(* Let $(\mathfrak H_{-,+},\mathfrak H,G,W)$ be a reduction tuple for $A^*$, and define $\Gamma_0\psi:=G\psi_2$ and $\Gamma_1\psi:=\mathrm iWG\psi_1$ for $\psi=\{\psi_1,\psi_2\}\in(\mathrm{dom}A^* )^2$. Then $(\mathfrak H_{-,+},\mathfrak H,\Gamma_0,\Gamma_1)$ is an m-boundary tuple for $M^*$.
   Context: $A$ is a closed densely defined symmetric operator in a Hilbert space $\mathfrak X$; $S$ a bounded uniformly positive selfadjoint operator in $\mathfrak X\oplus\mathfrak X$; $\mathfrak X^{2,S}$ is $\mathfrak X\oplus\mathfrak X$ with the inner product $(S\cdot|\cdot)_{\mathfrak X^2}$. $M\{\psi_1,\psi_2\}:=S^{-1}\{\mathrm iA\psi_2,-\mathrm iA\psi_1\}$ on $(\mathrm{dom}A)^2$ is closed symmetric in $\mathfrak X^{2,S}$ with adjoint $M^*\{\psi_1,\psi_2\}=S^{-1}\{\mathrm iA^*\psi_2,-\mathrm iA^*\psi_1\}$ on $(\mathrm{dom}A^* )^2$. Mixed-order duality: Hilbert spaces $\mathfrak H,\mathfrak H_{-,+},\mathfrak H_{+,-}$ with $\widetilde{\mathfrak H}_{\mp,\pm}:=\mathfrak H\cap\mathfrak H_{\mp,\pm}$ dense in $\mathfrak H$ and $\mathfrak H_{\mp,\pm}$, forms $\|h\|^2_{\mathfrak H_{\mp,\pm}}$ on $\widetilde{\mathfrak H}_{\mp,\pm}$ closed in $\mathfrak H$, and $\|h\|_{\mathfrak H_{\pm,\mp}}=\sup_{0\ne g\in\widetilde{\mathfrak H}_{\mp,\pm}}|(g|h)_{\mathfrak H}|/\|g\|_{\mathfrak H_{\mp,\pm}}$ for $h\in\widetilde{\mathfrak H}_{\pm,\mp}$. $\langle\cdot|\cdot\rangle_{\mathfrak H}$ is the unique bounded sesquilinear extension of $(\cdot|\cdot)_{\mathfrak H}$ to $\mathfrak H_{-,+}\times\mathfrak H_{+,-}$, with $\langle h_{+,-}|h_{-,+}\rangle_{\mathfrak H}:=\overline{\langle h_{-,+}|h_{+,-}\rangle_{\mathfrak H}}$. A reduction tuple for $A^*$: $G:\mathrm{dom}A^*\to\mathfrak H_{-,+}$ linear surjective, $W:\mathfrak H_{-,+}\to\mathfrak H_{+,-}$ a linear homeomorphism, and $(A^*f|g)_{\mathfrak X}-(f|A^*g)_{\mathfrak X}=\langle Gf|WGg\rangle_{\mathfrak H}$ for $f,g\in\mathrm{dom}A^*$. An m-boundary tuple for a closed densely defined symmetric $\mathcal A$'s adjoint $\mathcal A^*$ (here $\mathcal A=M$ in $\mathfrak X^{2,S}$) is $(\mathfrak H_{-,+},\mathfrak H,\Gamma_0,\Gamma_1)$ with linear $\Gamma_0:\mathrm{dom}\mathcal A^*\to\mathfrak H_{-,+}$, $\Gamma_1:\mathrm{dom}\mathcal A^*\to\mathfrak H_{+,-}$ such that (M1) $f\mapsto\{\Gamma_0f,\Gamma_1f\}$ maps $\mathrm{dom}\mathcal A^*$ onto $\mathfrak H_{-,+}\oplus\mathfrak H_{+,-}$ and (M2) $(\mathcal A^*f|g)-(f|\mathcal A^*g)=\langle\Gamma_1f|\Gamma_0g\rangle_{\mathfrak H}-\langle\Gamma_0f|\Gamma_1g\rangle_{\mathfrak H}$ for all $f,g\in\mathrm{dom}\mathcal A^*$. *)

theory Defs
  imports "HOL-Analysis.Analysis"
begin

(* Conventions: complex vector spaces are modelled by an ambient abelian group with a
   complex scalar multiplication sc satisfying the HOL module axioms ('module sc').
   Inner products ip :: 'a => 'a => complex are linear in the first and conjugate-linear
   in the second argument. Subspaces carry their own inner products. *)

definition cnorm :: "('a \<Rightarrow> 'a \<Rightarrow> complex) \<Rightarrow> 'a \<Rightarrow> real" where
  "cnorm ip x = sqrt (Re (ip x x))"

definition linear_on ::
  "(complex \<Rightarrow> 'a::ab_group_add \<Rightarrow> 'a) \<Rightarrow> (complex \<Rightarrow> 'b::ab_group_add \<Rightarrow> 'b) \<Rightarrow> 'a set \<Rightarrow> ('a \<Rightarrow> 'b) \<Rightarrow> bool" where
  "linear_on sc1 sc2 V f \<longleftrightarrow>
     (\<forall>x\<in>V. \<forall>y\<in>V. f (x + y) = f x + f y) \<and> (\<forall>c. \<forall>x\<in>V. f (sc1 c x) = sc2 c (f x))"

******

DESCRIPTION OF THE TASK: Please repeat the data above verbatim, all of it.

PROBLEM SOLUTION:
(* Let $(\mathfrak H_{-,+},\mathfrak H,G,W)$ be a reduction tuple for $A^*$, and define $\Gamma_0\psi:=G\psi_2$ and $\Gamma_1\psi:=\mathrm iWG\psi_1$ for $\psi=\{\psi_1,\psi_2\}\in(\mathrm{dom}A^* )^2$. Then $(\mathfrak H_{-,+},\mathfrak H,\Gamma_0,\Gamma_1)$ is an m-boundary tuple for $M^*$.
   Context: $A$ is a closed densely defined symmetric operator in a Hilbert space $\mathfrak X$; $S$ a bounded uniformly positive selfadjoint operator in $\mathfrak X\oplus\mathfrak X$; $\mathfrak X^{2,S}$ is $\mathfrak X\oplus\mathfrak X$ with the inner product $(S\cdot|\cdot)_{\mathfrak X^2}$. $M\{\psi_1,\psi_2\}:=S^{-1}\{\mathrm iA\psi_2,-\mathrm iA\psi_1\}$ on $(\mathrm{dom}A)^2$ is closed symmetric in $\mathfrak X^{2,S}$ with adjoint $M^*\{\psi_1,\psi_2\}=S^{-1}\{\mathrm iA^*\psi_2,-\mathrm iA^*\psi_1\}$ on $(\mathrm{dom}A^* )^2$. Mixed-order duality: Hilbert spaces $\mathfrak H,\mathfrak H_{-,+},\mathfrak H_{+,-}$ with $\widetilde{\mathfrak H}_{\mp,\pm}:=\mathfrak H\cap\mathfrak H_{\mp,\pm}$ dense in $\mathfrak H$ and $\mathfrak H_{\mp,\pm}$, forms $\|h\|^2_{\mathfrak H_{\mp,\pm}}$ on $\widetilde{\mathfrak H}_{\mp,\pm}$ closed in $\mathfrak H$, and $\|h\|_{\mathfrak H_{\pm,\mp}}=\sup_{0\ne g\in\widetilde{\mathfrak H}_{\mp,\pm}}|(g|h)_{\mathfrak H}|/\|g\|_{\mathfrak H_{\mp,\pm}}$ for $h\in\widetilde{\mathfrak H}_{\pm,\mp}$. $\langle\cdot|\cdot\rangle_{\mathfrak H}$ is the unique bounded sesquilinear extension of $(\cdot|\cdot)_{\mathfrak H}$ to $\mathfrak H_{-,+}\times\mathfrak H_{+,-}$, with $\langle h_{+,-}|h_{-,+}\rangle_{\mathfrak H}:=\overline{\langle h_{-,+}|h_{+,-}\rangle_{\mathfrak H}}$. A reduction tuple for $A^*$: $G:\mathrm{dom}A^*\to\mathfrak H_{-,+}$ linear surjective, $W:\mathfrak H_{-,+}\to\mathfrak H_{+,-}$ a linear homeomorphism, and $(A^*f|g)_{\mathfrak X}-(f|A^*g)_{\mathfrak X}=\langle Gf|WGg\rangle_{\mathfrak H}$ for $f,g\in\mathrm{dom}A^*$. An m-boundary tuple for a closed densely defined symmetric $\mathcal A$'s adjoint $\mathcal A^*$ (here $\mathcal A=M$ in $\mathfrak X^{2,S}$) is $(\mathfrak H_{-,+},\mathfrak H,\Gamma_0,\Gamma_1)$ with linear $\Gamma_0:\mathrm{dom}\mathcal A^*\to\mathfrak H_{-,+}$, $\Gamma_1:\mathrm{dom}\mathcal A^*\to\mathfrak H_{+,-}$ such that (M1) $f\mapsto\{\Gamma_0f,\Gamma_1f\}$ maps $\mathrm{dom}\mathcal A^*$ onto $\mathfrak H_{-,+}\oplus\mathfrak H_{+,-}$ and (M2) $(\mathcal A^*f|g)-(f|\mathcal A^*g)=\langle\Gamma_1f|\Gamma_0g\rangle_{\mathfrak H}-\langle\Gamma_0f|\Gamma_1g\rangle_{\mathfrak H}$ for all $f,g\in\mathrm{dom}\mathcal A^*$. *)

theory Defs
  imports "HOL-Analysis.Analysis"
begin

(* Conventions: complex vector spaces are modelled by an ambient abelian group with a
   complex scalar multiplication sc satisfying the HOL module axioms ('module sc').
   Inner products ip :: 'a => 'a => complex are linear in the first and conjugate-linear
   in the second argument. Subspaces carry their own inner products. *)

definition cnorm :: "('a \<Rightarrow> 'a \<Rightarrow> complex) \<Rightarrow> 'a \<Rightarrow> real" where
  "cnorm ip x = sqrt (Re (ip x x))"

definition linear_on ::
  "(complex \<Rightarrow> 'a::ab_group_add \<Rightarrow> 'a) \<Rightarrow> (complex \<Rightarrow> 'b::ab_group_add \<Rightarrow> 'b) \<Rightarrow> 'a set \<Rightarrow> ('a \<Rightarrow> 'b) \<Rightarrow> bool" where
  "linear_on sc1 sc2 V f \<longleftrightarrow>
     (\<forall>x\<in>V. \<forall>y\<in>V. f (x + y) = f x + f y) \<and> (\<forall>c. \<forall>x\<in>V. f (sc1 c x) = sc2 c (f x))"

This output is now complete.